As the dining facility filled with Airmen, over in the Logistics Readiness section the DCC stayed on top of it all, ensuring that the mobilization process was running smoothly.

"Every section on base is represented in the DCC," said Lt. Col. Ron Ankabrandt, the deployment officer for the exercise. "We all interact very closely with each other, which is mandatory in this type of situation." Once the mobilization tasking came down to the DCC, they had 72 hours to get people and cargo out.

"Our cargo deployment function makes sure that all cargo has the appropriate documentation, hazards, air worthiness, so it can be transported on any aircraft to any location in the world," said Senior Master Sgt. Guy Yesse, the deployment NCO for the exercise. "As for our personnel, we're ensuring that they're able to deploy and forward-deploy to any location." The DCC looked chaotic, but according to Sergeant Yesse, was running very smoothly.

"This is actually well-controlled chaos," he said. "Right now the DCC knows exactly where all the equipment is and its current status. It knows exactly where all the people are and their current status. And we track it through a system called LogMod."

The system was placed on the center's wall, so everyone was able to see what was going on. The DCC watched closely as constant updates were made to the system. "Our main purpose is to get the right people to the right place with the right equipment at the right time," Sergeant Yesse said.

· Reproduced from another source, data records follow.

definition is_martingale ::
  "'a measure \<Rightarrow> (real \<Rightarrow> 'a measure) \<Rightarrow> (real \<Rightarrow> 'a \<Rightarrow> real) \<Rightarrow> bool" where
  "is_martingale P F M \<longleftrightarrow>
     (\<forall>t\<ge>0. integrable P (M t) \<and> M t \<in> borel_measurable (F t)) \<and>
     (\<forall>s t A. 0 \<le> s \<longrightarrow> s \<le> t \<longrightarrow> A \<in> sets (F s) \<longrightarrow>
        (\<integral>\<omega>\<in>A. M t \<omega> \<partial>P) = (\<integral>\<omega>\<in>A. M s \<omega> \<partial>P))"

definition solves_MP ::
  "real \<Rightarrow> (real^'n \<Rightarrow> real^'n^'n) \<Rightarrow> (real^'n) measure \<Rightarrow> (real \<Rightarrow> real^'n) measure \<Rightarrow> bool" where
  "solves_MP \<alpha> a \<nu> P \<longleftrightarrow>
     sets P = sets Dmeas \<and> space P = space Dmeas \<and> prob_space P \<and>
     distr P borel (\<lambda>\<omega>. \<omega> 0) = \<nu> \<and>
     (\<forall>f\<in>Cc_inf. is_martingale P filt
        (\<lambda>t \<omega>. f (\<omega> t) - f (\<omega> 0) - (\<integral>r\<in>{0..t}. Lop \<alpha> a f (\<omega> r) \<partial>lborel)))"

definition MP_well_posed :: "real \<Rightarrow> (real^'n \<Rightarrow> real^'n^'n) \<Rightarrow> bool" where
  "MP_well_posed \<alpha> a \<longleftrightarrow>
     (\<forall>\<nu>::(real^'n) measure. prob_space \<nu> \<and> sets \<nu> = sets borel \<longrightarrow>
        (\<exists>!P. solves_MP \<alpha> a \<nu> P))"

definition R1 :: "(real^'n \<Rightarrow> (real \<Rightarrow> real^'n) measure) \<Rightarrow> (real^'n \<Rightarrow> real) \<Rightarrow> real^'n \<Rightarrow> real" where
  "R1 Px f x = (\<integral>\<omega>. (\<integral>t\<in>{0..}. exp (- t) * f (\<omega> t) \<partial>lborel) \<partial>Px x)"

definition mat_norm1 :: "real^'n^'n \<Rightarrow> real" where
  "mat_norm1 A = (\<Sum>i\<in>UNIV. \<Sum>j\<in>UNIV. \<bar>A $ i $ j\<bar>)"

definition mat_trace :: "real^'n^'n \<Rightarrow> real" where
  "mat_trace A = (\<Sum>i\<in>UNIV. A $ i $ i)"

end

theory Submission
  imports Defs "HOL-Probability.Sinc_Integral"
begin

text \<open>If the complement of \<open>B\<close> is not dense, \<open>B\<close> has an interior point, and by density
some \<open>x_n\<close> lies in the interior of \<open>B\<close>. Under \<open>P^{x_n}\<close> the canonical process starts at \<open>x_n\<close>
and is right continuous, so every path stays in \<open>B\<close> for a positive time; its discounted
occupation time of \<open>B\<close> is therefore positive, and so is \<open>R_1 1_B(x_n)\<close>. This contradicts
\<open>m(B) = 0\<close>, a series of nonnegative terms. Beyond \<open>P^x\<close> being a solution started at \<open>x\<close>,
none of the hypotheses on \<open>a\<close> is needed.\<close>

lemma space_Dmeas: "space (Dmeas :: (real \<Rightarrow> real^'n) measure) = cadlag_paths"
  unfolding Dmeas_def by (rule space_measure_of) auto

lemma sets_Dmeas:
  "sets (Dmeas :: (real \<Rightarrow> real^'n) measure) = sigma_sets cadlag_paths
     {(\<lambda>\<omega>. \<omega> r) -` A \<inter> cadlag_paths | r A. 0 \<le> r \<and> A \<in> sets borel}"
  unfolding Dmeas_def by (rule sets_measure_of) auto

lemma measurable_path_eval_Dmeas:
  assumes "0 \<le> r"
  shows "(\<lambda>\<omega>. \<omega> r) \<in> borel_measurable (Dmeas :: (real \<Rightarrow> real^'n) measure)"
proof (rule measurableI)
  fix A :: "(real^'n) set" assume "A \<in> sets borel"
  then show "(\<lambda>\<omega>. \<omega> r) -` A \<inter> space Dmeas \<in> sets (Dmeas :: (real \<Rightarrow> real^'n) measure)"
    using assms unfolding space_Dmeas sets_Dmeas by (intro sigma_sets.Basic) blast
qed auto

lemma cadlag_path_dyadic_tendsto:
  fixes \<omega> :: "real \<Rightarrow> real^'n"
  assumes "\<omega> \<in> cadlag_paths"
  shows "(\<lambda>k::nat. \<omega> (real (nat \<lceil>2^k * t\<rceil>) / 2^k)) \<longlonglongrightarrow> \<omega> t"
proof (cases "t \<le> 0")
  case True
  then have "nat \<lceil>2^k * t\<rceil> = 0" for k :: nat
    by (simp add: mult_nonneg_nonpos)
  moreover have "\<omega> t = \<omega> 0"
    using assms True unfolding cadlag_paths_def by (cases "t = 0") auto
  ultimately show ?thesis by simp
next
  case False
  define q where "q k = real_of_int \<lceil>2^k * t\<rceil> / 2^k" for k :: nat
  have q_nat: "real (nat \<lceil>2^k * t\<rceil>) / 2^k = q k" for k
    using False unfolding q_def by (simp add: zero_less_mult_iff)
  have q_lower: "t \<le> q k" for k
    using le_of_int_ceiling[of "2^k * t"] unfolding q_def by (simp add: field_simps)
  have q_upper: "q k \<le> t + (1/2)^k" for k
    using ceiling_correct[of "2^k * t"] unfolding q_def by (simp add: field_simps)
  have "(\<lambda>k. t + (1/2::real)^k) \<longlonglongrightarrow> t + 0"
    by (intro tendsto_intros) simp
  then have "q \<longlonglongrightarrow> t"
    using q_lower q_upper by (intro tendsto_sandwich[of "\<lambda>_. t" q _ "\<lambda>k. t + (1/2)^k"]) auto
  moreover have "continuous (at t within {t..}) \<omega>"
    using assms False unfolding cadlag_paths_def at_within_Ici_at_right by auto
  ultimately have "(\<omega> \<circ> q) \<longlonglongrightarrow> \<omega> t"
    unfolding continuous_within_sequentially using q_lower by auto
  then show ?thesis unfolding q_nat comp_def .
qed

text \<open>The canonical process is jointly measurable in path and time: it is the pointwise limit of
its evaluations at the dyadic times \<open>\<lceil>2\<^sup>kt\<rceil>/2\<^sup>k\<close>, which converge to \<open>t\<close> from the right.\<close>
lemma measurable_path_eval_pair:
  "(\<lambda>p::(real \<Rightarrow> real^'n) \<times> real. fst p (snd p)) \<in> borel_measurable (Dmeas \<Otimes>\<^sub>M lborel)"
proof (rule borel_measurable_LIMSEQ_metric[where f="\<lambda>k p. fst p (real (nat \<lceil>2^k * snd p\<rceil>) / 2^k)"])
  fix k :: nat
  show "(\<lambda>p::(real \<Rightarrow> real^'n) \<times> real. fst p (real (nat \<lceil>2^k * snd p\<rceil>) / 2^k))
      \<in> borel_measurable (Dmeas \<Otimes>\<^sub>M lborel)"
  proof (rule measurable_compose_countable'[where f="\<lambda>i p. fst p (real i / 2^k)" and I=UNIV])
    show "(\<lambda>p::(real \<Rightarrow> real^'n) \<times> real. fst p (real i / 2^k)) \<in> borel_measurable (Dmeas \<Otimes>\<^sub>M lborel)"
      for i :: nat
      by (rule measurable_compose[OF measurable_fst measurable_path_eval_Dmeas]) simp
  qed auto
next
  fix p :: "(real \<Rightarrow> real^'n) \<times> real"
  assume "p \<in> space (Dmeas \<Otimes>\<^sub>M lborel)"
  then have "fst p \<in> cadlag_paths" by (auto simp: space_pair_measure space_Dmeas)
  then show "(\<lambda>k. fst p (real (nat \<lceil>2^k * snd p\<rceil>) / 2^k)) \<longlonglongrightarrow> fst p (snd p)"
    by (rule cadlag_path_dyadic_tendsto)
qed

definition discounted_occupation :: "'a set \<Rightarrow> (real \<Rightarrow> 'a) \<Rightarrow> real" where
  "discounted_occupation B \<omega> = (\<integral>t\<in>{0..}. exp (- t) * indicator B (\<omega> t) \<partial>lborel)"

lemma R1_indicator_eq: "R1 Px (indicator B) x = (\<integral>\<omega>. discounted_occupation B \<omega> \<partial>Px x)"
  unfolding R1_def discounted_occupation_def ..

lemma discounted_occupation_nonneg: "0 \<le> discounted_occupation B \<omega>"
  unfolding discounted_occupation_def set_lebesgue_integral_def
  by (intro Bochner_Integration.integral_nonneg) (simp add: indicator_def)

lemma has_bochner_integral_exp_minus_Ici:
  "has_bochner_integral lborel (\<lambda>t::real. indicator {0..} t *\<^sub>R exp (- t)) 1"
  using has_bochner_integral_I0i_power_exp_m'[of 0] by (simp add: mult.commute)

As the DCC moved forward, and Airmen loaded cargo to be shipped as other Airmen filled the dining facility-turned mobility line, exercise evaluation team members lingered about, ensuring everything was going as it should. The key components being evaluated were aircraft generation, command and control, the DCC, PDF, CDF, Intel, weapons processing, mobility bag processing, life support and aircrew deployment support.

"The purpose of this exercise was to ensure we are maintaining our ability to keep the mobility machine operational," said Lt. Col. Steve Fukino, EET leader. "We succeeded in that, and in doing so the mobility machine worked well. However, we can improve in a lot of things. But we did meet our goal. We are always prepared to send our weapons systems to war at a moment's notice."